ONE OF THE things we conservatives constantly try to do is step out of the default liberal mindset.

It’s hard to do, even as a conservative, because liberalthink defines reality in America. To think another way requires real effort, especially for a social animal like homo sapiens.

Liberals all seem to think that Barack Obama’s speech last week was at the least a fine and principled contribution to America’s conversation on race and maybe much more. Conservatives tend to be disappointed. We wonder if Obama couldn’t have seized the opportunity and really declared for a post-racist America.

But maybe the big issue is what Obama’s candidacy is doing for race relations within the Democratic Party.

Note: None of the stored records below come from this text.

(* Let $p$ be a prime, $m,n\ge0$ integers and $a,b,c,d\ge0$ integers (assumed positive if $p=2$). (1) If $p^m\frac{p^a+1}{p^b+1}=p^n\frac{p^c+1}{p^d+1}\in\mathbb Z_{>0}$, then $m=n$ and either ($a=b$ and $c=d$) or ($a=c$ and $b=d$). (2) If $p^m\frac{p^a-1}{p^b+1}=p^n\frac{p^c-1}{p^d+1}\in\mathbb Z_{>0}$, then $m=n$, $a=c$ and $b=d$. (3) If $p^m\frac{p^a+1}{p^b+1}=p^n\frac{p^c-1}{p^d+1}\in\mathbb Z_{>0}$, then $m=n$ and either $p=2$ and ($a=b$, $c=2$, $d=1$, or $(a,b,c,d)=(3,1,4,2)$), or $p=3$ and ($a=b$, $c=1$, $d=0$, or $(a,b,c,d)=(1,0,2,1)$). (4) If $p^m(p^a+1)=p^n\frac{p^c+1}{p^d+1}\in\mathbb Z_{>0}$, then $m=n$ and either $p=3$ and $(a,c,d)=(0,1,0)$, or $p=2$ and $(a,c,d)=(1,3,1)$. (5) If $p^m(p^a+1)=p^n\frac{p^c-1}{p^d+1}\in\mathbb Z_{>0}$, then $m=n$ and either $p=5$ and $(a,c,d)=(0,1,0)$, or $p=3$ and $(a,c,d)\in\{(0,2,1),(1,2,0)\}$, or $p=2$ and $(a,c,d)\in\{(1,4,2),(2,4,1)\}$. *)

theory Defs
  imports Complex_Main "HOL-Computational_Algebra.Primes"
begin

end

theory Submission
  imports Defs
begin

text \<open>
  Clearing denominators turns each identity into \<open>p ^ m * X = p ^ n * Y\<close> with \<open>X\<close> and
  \<open>Y\<close> prime to \<open>p\<close> (for \<open>p = 2\<close> this is why the exponents must be positive), so
  \<open>m = n\<close> and \<open>X = Y\<close>, an exponential equation in powers of \<open>p\<close>. These equations are
  solved by comparing \<open>p\<close>-adic valuations: after removing the largest power of \<open>p\<close>
  dividing all but one of the summands, that summand would have to be divisible by \<open>p\<close> as
  well. In (2) and (3) integrality makes the two quotients a common integer \<open>r\<close>. In (2) this
  forces \<open>p ^ a\<close> to divide \<open>r * p ^ b < p ^ a\<close> unless \<open>b = d\<close>; in (3) reducing
  modulo \<open>p\<close> leaves only \<open>p \<in> {2, 3}\<close>, where reductions modulo \<open>16\<close> and \<open>9\<close>
  single out the two sporadic solutions.
\<close>

section \<open>Divisibility of powers\<close>

lemma dvd_pow_plus_one_iff:
  fixes p a :: nat
  assumes "1 < p"
  shows "p dvd p ^ a + 1 \<longleftrightarrow> p = 2 \<and> a = 0"
proof (cases a)
  case 0
  then show ?thesis using assms by (auto dest: dvd_imp_le)
next
  case (Suc k)
  then have "p dvd p ^ a" by simp
  then have "p dvd p ^ a + 1 \<longleftrightarrow> p dvd 1" by (rule dvd_add_right_iff)
  then show ?thesis using assms Suc by simp
qed
(* Let $\mathcal{A}$ and $\mathcal{B}$ be von Neumann algebras, let $T:\mathcal{B}\to\mathcal{A}$ be a CP-map and let $B,\tilde B\in\mathcal{B}$ be commuting Hermitian elements. Put $(X,Y):=T(X^\dagger Y)-T(X)^\dagger T(Y)$ for $X,Y\in\mathcal{B}$, $A:=T(B)$, $\tilde A:=T(\tilde B)$, $\Sigma_B^2:=\|(B,B)\|$ and $\Sigma_{\tilde B}^2:=\|(\tilde B,\tilde B)\|$ (with $\Sigma_B,\Sigma_{\tilde B}\ge 0$). Then $$\Sigma_B\,\Sigma_{\tilde B}\ge \tfrac12\,\|[A,\tilde A]\|.$$
   Context: A CP-map $T:\mathcal{B}\to\mathcal{A}$ between von Neumann algebras is a linear, weakly continuous map with $T(\mathbf{1})=\mathbf{1}$ that is completely positive, i.e. $\mathrm{Id}_n\otimes T: M_n\otimes\mathcal{B}\to M_n\otimes\mathcal{A}$ is positive for every $n\in\mathbb{N}$. *)

theory Defs
  imports "HOL-Analysis.Analysis"
begin

class cstar_algebra = real_normed_algebra_1 + banach +
  fixes scaleC :: "complex \<Rightarrow> 'a \<Rightarrow> 'a"
    and cstar :: "'a \<Rightarrow> 'a"
  assumes scaleC_add_right: "scaleC c (x + y) = scaleC c x + scaleC c y"
    and scaleC_add_left: "scaleC (c + d) x = scaleC c x + scaleC d x"
    and scaleC_scaleC: "scaleC c (scaleC d x) = scaleC (c * d) x"
    and scaleC_one: "scaleC 1 x = x"
    and scaleR_scaleC: "scaleR r x = scaleC (complex_of_real r) x"
    and scaleC_mult_left: "scaleC c x * y = scaleC c (x * y)"
    and scaleC_mult_right: "x * scaleC c y = scaleC c (x * y)"
    and norm_scaleC: "norm (scaleC c x) = cmod c * norm x"
    and cstar_add: "cstar (x + y) = cstar x + cstar y"
    and cstar_scaleC: "cstar (scaleC c x) = scaleC (cnj c) (cstar x)"
    and cstar_mult: "cstar (x * y) = cstar y * cstar x"
    and cstar_cstar: "cstar (cstar x) = x"
    and cstar_identity: "norm (cstar x * x) = norm x * norm x"

section \<open>Preduals and von Neumann algebras (Sakai: C*-algebras that are dual Banach spaces)\<close>

definition bounded_functional :: "('a::cstar_algebra \<Rightarrow> complex) \<Rightarrow> bool" where
  "bounded_functional \<phi> \<longleftrightarrow>
     (\<forall>x y. \<phi> (x + y) = \<phi> x + \<phi> y) \<and> (\<forall>c x. \<phi> (scaleC c x) = c * \<phi> x) \<and>
     (\<exists>K. \<forall>x. cmod (\<phi> x) \<le> K * norm x)"

definition fnorm :: "('a::cstar_algebra \<Rightarrow> complex) \<Rightarrow> real" where
  "fnorm \<phi> = Sup {cmod (\<phi> x) | x. norm x \<le> 1}"

text \<open>N is a predual of the C*-algebra: a norm-closed subspace of the dual such that
  the canonical map from the algebra into the dual of N is an isometric bijection.\<close>
definition is_predual :: "('a::cstar_algebra \<Rightarrow> complex) set \<Rightarrow> bool" where
  "is_predual N \<longleftrightarrow>
     N \<subseteq> {\<phi>. bounded_functional \<phi>} \<and>
     (\<lambda>x. 0) \<in> N \<and>
     (\<forall>\<phi>\<in>N. \<forall>\<psi>\<in>N. (\<lambda>x. \<phi> x + \<psi> x) \<in> N) \<and>
     (\<forall>\<phi>\<in>N. \<forall>c. (\<lambda>x. c * \<phi> x) \<in> N) \<and>
     (\<forall>\<phi>. bounded_functional \<phi> \<and> (\<forall>e>0. \<exists>\<psi>\<in>N. fnorm (\<lambda>x. \<phi> x - \<psi> x) < e) \<longrightarrow> \<phi> \<in> N) \<and>
     (\<forall>a. norm a = Sup {cmod (\<phi> a) | \<phi>. \<phi> \<in> N \<and> fnorm \<phi> \<le> 1}) \<and>
     (\<forall>\<Psi> :: ('a \<Rightarrow> complex) \<Rightarrow> complex.
        (\<forall>\<phi>\<in>N. \<forall>\<psi>\<in>N. \<Psi> (\<lambda>x. \<phi> x + \<psi> x) = \<Psi> \<phi> + \<Psi> \<psi>) \<and>
        (\<forall>\<phi>\<in>N. \<forall>c. \<Psi> (\<lambda>x. c * \<phi> x) = c * \<Psi> \<phi>) \<and>
        (\<exists>K. \<forall>\<phi>\<in>N. cmod (\<Psi> \<phi>) \<le> K * fnorm \<phi>)
        \<longrightarrow> (\<exists>a. \<forall>\<phi>\<in>N. \<Psi> \<phi> = \<phi> a))"

definition von_neumann_algebra :: "'a::cstar_algebra itself \<Rightarrow> bool" where
  "von_neumann_algebra _ \<longleftrightarrow> (\<exists>N :: ('a \<Rightarrow> complex) set. is_predual N)"

definition predual :: "('a::cstar_algebra \<Rightarrow> complex) set" where
  "predual = (SOME N. is_predual N)"

definition sigma_weak_topology :: "'a::cstar_algebra topology" where
  "sigma_weak_topology = topology_generated_by {\<phi> -` U | \<phi> U. \<phi> \<in> predual \<and> open U}"

definition positive_elem :: "'a::cstar_algebra \<Rightarrow> bool" where
  "positive_elem a \<longleftrightarrow> (\<exists>b. a = cstar b * b)"
(* Let $\mathcal{H}$ be a Hilbert space with a unit vector $\xi$ and expectation functional $\phi(T)=\langle T\xi,\xi\rangle$. Let $P,Q$ be Boolean independent orthogonal projections on $(\mathcal{H},\xi)$ with $\phi(P)=1-p$ and $\phi(Q)=1-q$, where $p,q\in[0,1]$. Then $\phi(P\vee Q)=1-r$, where $r\in[0,1]$ is determined by $$r^{-1}-1=(p^{-1}-1)+(q^{-1}-1).$$
   Context: Noncommutative random variables are self-adjoint operators on $\mathcal{H}$, with distribution taken with respect to $\phi$. Two families of bounded self-adjoint operators are Boolean independent with respect to $\phi$ if, denoting by $\mathcal{A}$ and $\mathcal{B}$ the (non-unital) $*$-algebras they generate, one has $\phi(c_1c_2\cdots c_n)=\phi(c_1)\phi(c_2)\cdots\phi(c_n)$ whenever each $c_i$ lies in $\mathcal{A}$ or in $\mathcal{B}$ and consecutive $c_i$ alternate between $\mathcal{A}$ and $\mathcal{B}$. For projections $P,Q$, $P\vee Q$ denotes the spectral (Ando) max, i.e. the projection $I-\big((I-P)\wedge(I-Q)\big)$, where $\wedge$ is the orthogonal projection onto the intersection of ranges; equivalently the orthogonal projection onto the closed span of the ranges of $P$ and $Q$. Convention: $0^{-1}=+\infty$ and $(+\infty)^{-1}=0$. *)

theory Defs
  imports "HOL-Analysis.Analysis" "HOL-Library.Extended_Real"
begin
lemma lift_surj:
  fixes F :: "real \<Rightarrow> real"
  assumes lift: "\<And>x. F (x + 1) = F x + 1" and cont: "continuous_on UNIV F"
  shows "surj F"
proof -
  have "\<exists>x. F x = y" for y
  proof -
    define n where "n = \<lfloor>y - F 0\<rfloor>"
    have "F (of_int n) = F 0 + of_int n"
      using lift_add_of_int[of F 0 n, OF lift] by simp
    then have "F (of_int n) \<le> y" "y \<le> F (of_int n + 1)"
      using lift[of "of_int n"] unfolding n_def by linarith+
    then show ?thesis
      using IVT'[of F "of_int n" y "of_int n + 1"] continuous_on_subset[OF cont] by auto
  qed
  then show ?thesis by (metis surj_def)
qed

lemma positive_derivative_strict_mono:
  fixes F :: "real \<Rightarrow> real"
  assumes "\<And>x. (F has_real_derivative F' x) (at x)" and "\<And>x. 0 < F' x"
  shows "strict_mono F"
proof (rule strict_monoI)
  fix x y :: real
  assume "x < y"
  then show "F x < F y"
  proof (rule DERIV_pos_imp_increasing)
    fix z
    show "\<exists>y. (F has_real_derivative y) (at z) \<and> 0 < y"
      using assms by blast
  qed
qed

locale invariant_density =
  fixes F F' h :: "real \<Rightarrow> real"
  assumes lift: "\<And>x. F (x + 1) = F x + 1"
    and F_deriv: "\<And>x. (F has_real_derivative F' x) (at x)"
    and F'_pos: "\<And>x. 0 < F' x"
    and h_periodic: "\<And>x. h (x + 1) = h x"
    and h_cont: "continuous_on UNIV h"
    and h_pos: "\<And>x. 0 < h x"
    and h_integral: "integral {0..1} h = 1"
    and h_invariant: "\<And>A. A \<in> sets borel \<Longrightarrow>
          emeasure (density lborel h) (F -` A) = emeasure (density lborel h) A"
begin

lemma F_strict_mono: "strict_mono F"
  using F_deriv F'_pos by (rule positive_derivative_strict_mono)

definition H :: "real \<Rightarrow> real" where
  "H x = (LBINT y=(0::real)..x. h y)"

lemma H_deriv: "(H has_real_derivative h x) (at x)"
proof -
  define a b where "a = min x 0 - 1" and "b = max x 0 + 1"
  have "((\<lambda>u. LBINT y=(0::real)..u. h y) has_vector_derivative h x) (at x within {a..b})"
  proof (rule interval_integral_FTC2)
    show "continuous_on {a..b} h"
      using continuous_on_subset[OF h_cont] by blast
  qed (auto simp: a_def b_def)
  moreover have "at x within {a..b} = at x"
    by (intro at_within_interior) (auto simp: a_def b_def)
  ultimately show ?thesis
    by (simp add: H_def[abs_def] has_real_derivative_iff_has_vector_derivative)
qed

lemma H_has_integral: "a \<le> b \<Longrightarrow> (h has_integral (H b - H a)) {a..b}"
  using H_deriv
  by (intro fundamental_theorem_of_calculus)
     (auto simp: has_real_derivative_iff_has_vector_derivative intro: has_vector_derivative_at_within)

lemma H_lift: "H (x + 1) = H x + 1"
proof -
  have "\<forall>y. ((\<lambda>x. H (x + 1) - H x) has_real_derivative 0) (at y)"
    using DERIV_diff[OF DERIV_chain2[OF H_deriv DERIV_add[OF DERIV_ident DERIV_const[of 1]]] H_deriv]
    by (simp add: h_periodic)
  from DERIV_isconst_all[OF this, of x 0] have "H (x + 1) - H x = H 1 - H 0"
    by simp
  also have "\<dots> = 1"
    using integral_unique[OF H_has_integral[of 0 1]] h_integral by simp
  finally show ?thesis by simp
qed

lemma H_strict_mono: "strict_mono H"
  using H_deriv h_pos by (rule positive_derivative_strict_mono)

lemma H_cont: "continuous_on UNIV H"
  using DERIV_isCont[OF H_deriv] by (simp add: continuous_at_imp_continuous_on)

lemma H_surj: "surj H"
  using H_lift H_cont by (rule lift_surj)

lemma emeasure_density_atLeastAtMost: "a \<le> b \<Longrightarrow> emeasure (density lborel h) {a..b} = ennreal (H b - H a)"
  using h_pos
  by (simp add: emeasure_density borel_measurable_continuous_onI[OF h_cont] less_imp_le
                nn_integral_has_integral_lebesgue' H_has_integral)

lemma H_F_diff:
  assumes "a \<le> b"
  shows "H (F b) - H (F a) = H b - H a"
proof -
  have "F -` {F a..F b} = {a..b}"
    using F_strict_mono by (auto simp: strict_mono_less_eq)
  then have "ennreal (H (F b) - H (F a)) = ennreal (H b - H a)"
    using h_invariant[of "{F a..F b}"] assms F_strict_mono
    by (simp add: emeasure_density_atLeastAtMost strict_mono_less_eq)
  moreover have "H a \<le> H b" "H (F a) \<le> H (F b)"
    using assms H_strict_mono F_strict_mono by (simp_all add: strict_mono_less_eq)
  ultimately show ?thesis by simp
qed

definition \<kappa> :: real where
  "\<kappa> = H (F 0) - H 0"

lemma H_F: "H (F x) = H x + \<kappa>"
  using H_F_diff[of 0 x] H_F_diff[of x 0] by (cases "0 \<le> x") (auto simp: \<kappa>_def)

lemma H_funpow: "H ((F ^^ n) x) = H x + real n * \<kappa>"
  by (induction n) (simp_all add: H_F algebra_simps)

lemma F'_eq: "F' x = h x / h (F x)"
proof -
  have "((\<lambda>x. H (F x)) has_real_derivative h (F x) * F' x) (at x)"
    by (rule DERIV_chain2[OF H_deriv F_deriv])
  moreover have "((\<lambda>x. H (F x)) has_real_derivative h x) (at x)"
    unfolding H_F using DERIV_add[OF H_deriv DERIV_const] by simp
  ultimately have "h (F x) * F' x = h x"
    by (rule DERIV_unique)
  then show ?thesis
    using h_pos[of "F x"] by (simp add: field_simps)
qed
definition psum :: "(nat \<Rightarrow> real) \<Rightarrow> nat \<Rightarrow> real" where
  "psum p m = (\<Sum>i\<le>m. p i)"

definition slowly_varying :: "(real \<Rightarrow> real) \<Rightarrow> bool" where
  "slowly_varying L \<longleftrightarrow>
     (\<forall>t>0. L t > 0) \<and>
     L \<in> borel_measurable (restrict_space borel {0<..}) \<and>
     (\<forall>c>0. ((\<lambda>t. L (c * t) / L t) \<longlongrightarrow> 1) at_top)"

definition SVA_reg :: "real \<Rightarrow> (nat \<Rightarrow> real) set" where
  "SVA_reg \<alpha> = {p. (\<forall>m. p m > 0) \<and>
     (\<exists>L. slowly_varying L \<and> (\<forall>m. psum p m = (real m + 1) powr \<alpha> * L (real m)))}"

definition wmean :: "(nat \<Rightarrow> real) \<Rightarrow> (nat \<Rightarrow> real) \<Rightarrow> (nat \<Rightarrow> nat \<Rightarrow> real) \<Rightarrow> nat \<Rightarrow> nat \<Rightarrow> real" where
  "wmean p q u m n = (1 / (psum p m * psum q n)) * (\<Sum>i\<le>m. \<Sum>j\<le>n. p i * q j * u i j)"

definition P_convergent_to :: "(nat \<Rightarrow> nat \<Rightarrow> real) \<Rightarrow> real \<Rightarrow> bool" where
  "P_convergent_to a l \<longleftrightarrow> (\<forall>\<epsilon>>0. \<exists>n0. \<forall>m n. m \<ge> n0 \<and> n \<ge> n0 \<longrightarrow> \<bar>a m n - l\<bar> < \<epsilon>)"

definition NPQ_summable_to :: "(nat \<Rightarrow> real) \<Rightarrow> (nat \<Rightarrow> real) \<Rightarrow> (nat \<Rightarrow> nat \<Rightarrow> real) \<Rightarrow> real \<Rightarrow> bool" where
  "NPQ_summable_to p q u l \<longleftrightarrow> P_convergent_to (wmean p q u) l"
lemma bounded_action_if_Qop_bdd:
  fixes P :: "(real^'n^'n) set"
  assumes Qop_bdd: "\<And>u i. bdd_above ((\<lambda>q. (q *v u + f q) $ i) ` P)"
    and f_bdd: "\<And>q i. q \<in> P \<Longrightarrow> \<bar>f q $ i\<bar> \<le> C"
  shows "\<exists>K. \<forall>q\<in>P. infnorm (q *v v) \<le> K"
proof -
  have bdd: "\<forall>i. \<exists>B. \<forall>q\<in>P. (q *v u + f q) $ i \<le> B" for u
    using Qop_bdd[of u] by (auto simp: bdd_above_def)
  obtain B1 where B1: "\<forall>i. \<forall>q\<in>P. (q *v v + f q) $ i \<le> B1 i"
    using choice[OF bdd[of v]] by blast
  obtain B2 where B2: "\<forall>i. \<forall>q\<in>P. (q *v (- v) + f q) $ i \<le> B2 i"
    using choice[OF bdd[of "- v"]] by blast
  let ?K = "(\<Sum>i\<in>UNIV. \<bar>B1 i\<bar> + \<bar>B2 i\<bar>) + C"
  have "\<bar>(q *v v) $ i\<bar> \<le> ?K" if q: "q \<in> P" for q i
  proof -
    have "\<bar>B1 i\<bar> + \<bar>B2 i\<bar> \<le> (\<Sum>i\<in>UNIV. \<bar>B1 i\<bar> + \<bar>B2 i\<bar>)"
      by (rule member_le_sum[of i UNIV "\<lambda>i. \<bar>B1 i\<bar> + \<bar>B2 i\<bar>"]) auto
    moreover have "(q *v v) $ i + f q $ i \<le> B1 i" "- (q *v v) $ i + f q $ i \<le> B2 i"
      using B1 B2 q by (simp_all add: matrix_vector_mult_def sum_negf)
    moreover have "- C \<le> f q $ i" using f_bdd[OF q, of i] by linarith
    moreover have "B1 i \<le> \<bar>B1 i\<bar>" "B2 i \<le> \<bar>B2 i\<bar>" by simp_all
    ultimately show ?thesis unfolding abs_le_iff by linarith
  qed
  then show ?thesis unfolding infnorm_le_cart by blast
qed

theorem mainTheorem10:
  fixes P :: "(real^'n^'n) set" and f :: "real^'n^'n \<Rightarrow> real^'n" and q0 :: "real^'n^'n"
  assumes Qm: "\<forall>q\<in>P. is_Qmatrix q"
    and q0: "q0 \<in> P" "f q0 = 0"
    and fle: "\<forall>q\<in>P. f q \<le> 0"
    and Qfin: "\<forall>u i. bdd_above ((\<lambda>q. (q *v u + f q) $ i) ` P)"
    and fbdd: "\<exists>C. \<forall>q\<in>P. \<forall>i. \<bar>f q $ i\<bar> \<le> C"
  shows "(\<forall>v. continuous_on {0..} (\<lambda>s. nisio P (\<lambda>_. 0) s v))
    \<and> (\<forall>u0 t. t \<ge> 0 \<longrightarrow>
          nisio P f t u0 - u0 \<le> integral {0..t} (\<lambda>s. nisio P (\<lambda>_. 0) s (Qop P f u0)))"
proof -
  obtain C where "\<And>q i. q \<in> P \<Longrightarrow> \<bar>f q $ i\<bar> \<le> C" using fbdd by blast
  with Qfin have "\<exists>K. \<forall>q\<in>P. infnorm (q *v v) \<le> K" for v
    by (intro bounded_action_if_Qop_bdd) auto
  with Qm q0(1) Qfin interpret controlled_Qmatrix_family P f
    by unfold_locales auto
  show ?thesis by (intro conjI allI impI continuous_on_S0 nisio_sub_le)
qed

end
lemma bispec_sum_triples_0:
  "1/48 * cmod ((ucoef 0 \<theta>)^3 - (ucoef 0 \<theta>s)^3) ^ 2
    + 1/16 * (\<Sum>(l, l', l'')\<in>triples 0 L.
        cmod (ucoef l \<theta> * cnj (ucoef l' \<theta> * ucoef l'' \<theta>)
              - ucoef l \<theta>s * cnj (ucoef l' \<theta>s * ucoef l'' \<theta>s)) ^ 2)
  = 1/12 * ((\<theta> 0)^3 - (\<theta>s 0)^3)^2
    + 1/8 * (\<Sum>l=1..L. (\<theta> 0 * rmag l \<theta> ^ 2 - \<theta>s 0 * rmag l \<theta>s ^ 2)^2)
    + 1/16 * (\<Sum>(l, m, n)\<in>triples 1 L. cmod (bispec l m n \<theta> - bispec l m n \<theta>s) ^ 2)"
proof -
  have "(ucoef 0 \<theta>)^3 - (ucoef 0 \<theta>s)^3 = of_real ((\<theta> 0)^3 - (\<theta>s 0)^3)"
    by (simp add: ucoef_def)
  then show ?thesis
    unfolding bispec_def[symmetric] sum_triples_0 prod.case bispec_degenerate(1)
    by (simp add: bispec_degenerate(2,3) flip: of_real_diff del: of_real_mult of_real_power)
      argo
qed

theorem theorem3p3:
  fixes L :: nat and \<theta> \<theta>s :: "nat \<Rightarrow> real"
  assumes "L \<ge> 1"
  shows "sk L \<theta>s 1 \<theta> = 1/2 * (\<theta> 0 - \<theta>s 0)^2
    \<and> sk L \<theta>s 2 \<theta> = 1/4 * ((\<theta> 0)^2 - (\<theta>s 0)^2)^2
        + 1/8 * (\<Sum>l=1..L. (rmag l \<theta> ^ 2 - rmag l \<theta>s ^ 2)^2)
    \<and> sk L \<theta>s 3 \<theta> = 1/48 * cmod ((ucoef 0 \<theta>)^3 - (ucoef 0 \<theta>s)^3) ^ 2
        + 1/16 * (\<Sum>(l, l', l'')\<in>triples 0 L.
            cmod (ucoef l \<theta> * cnj (ucoef l' \<theta> * ucoef l'' \<theta>)
                  - ucoef l \<theta>s * cnj (ucoef l' \<theta>s * ucoef l'' \<theta>s)) ^ 2)
    \<and> 1/48 * cmod ((ucoef 0 \<theta>)^3 - (ucoef 0 \<theta>s)^3) ^ 2
        + 1/16 * (\<Sum>(l, l', l'')\<in>triples 0 L.
            cmod (ucoef l \<theta> * cnj (ucoef l' \<theta> * ucoef l'' \<theta>)
                  - ucoef l \<theta>s * cnj (ucoef l' \<theta>s * ucoef l'' \<theta>s)) ^ 2)
      = 1/12 * ((\<theta> 0)^3 - (\<theta>s 0)^3)^2
        + 1/8 * (\<Sum>l=1..L. (\<theta> 0 * rmag l \<theta> ^ 2 - \<theta>s 0 * rmag l \<theta>s ^ 2)^2)
        + 1/16 * (\<Sum>(l, l', l'')\<in>triples 1 L.
            r3 l l' l'' \<theta> ^ 2 + r3 l l' l'' \<theta>s ^ 2
            - 2 * r3 l l' l'' \<theta> * r3 l l' l'' \<theta>s * cos (lam3 l l' l'' \<theta>s - lam3 l l' l'' \<theta>))"
  by (intro conjI sk_1 sk_2)
    (simp_all only: sk_3 bispec_sum_triples_0 norm_bispec_diff_power2)

end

The Washington Post’s Krissah Williams writes about veterans hanging out at two American Legion posts in Pennsylvania, one predominantly black, and one predominantly white.

[I]n the two worlds of these veterans, Obama’s speech was one more dividing point. Rather than bringing the men in Post 733 and Post 420 closer together, it seemed to highlight the gap between them.

White Air Force veteran Dan Dowett talks about Obama backing “a preacher that to me sounds like a treasonous person.” Black Army veteran Ross Mounds says “the controversy over Wright is just the excuse some whites are looking for not to vote for a qualified black man.”

Then there’s the view from other voters. Victor Davis Hanson asked several non-black voters what they thought of Obama’s speech last week. The reaction was significant.

“Forget the speech. I would never vote for Obama after listening to Wright.” In some cases, the reaction was not mild disappointment, but unprintable outrage.

The question is whether the liberal narrative on race really matters any more. Obama’s speech, to one liberal acquaintance, was

the best from a politician on race in a generation. He dispansionately [sic] examined interiors and exteriors of both whites and blacks.

As a conservative I would say that Obama mouthed liberal pieties, trashing the white working class and excusing black racism.

It is, of course, the white working class that has been asked to pay the most for the liberal race politics of the last half century, whether it was forced busing, integration of ethnic neighborhoods, or affirmative action at the firehouse. Educated whites might get knocked around a bit by the lefty profs in university, but they could always escape from liberal race politics by going into business and living in white middle-class suburbs.

Suppose that Rev. Wright turns out to be the last straw for the white working class?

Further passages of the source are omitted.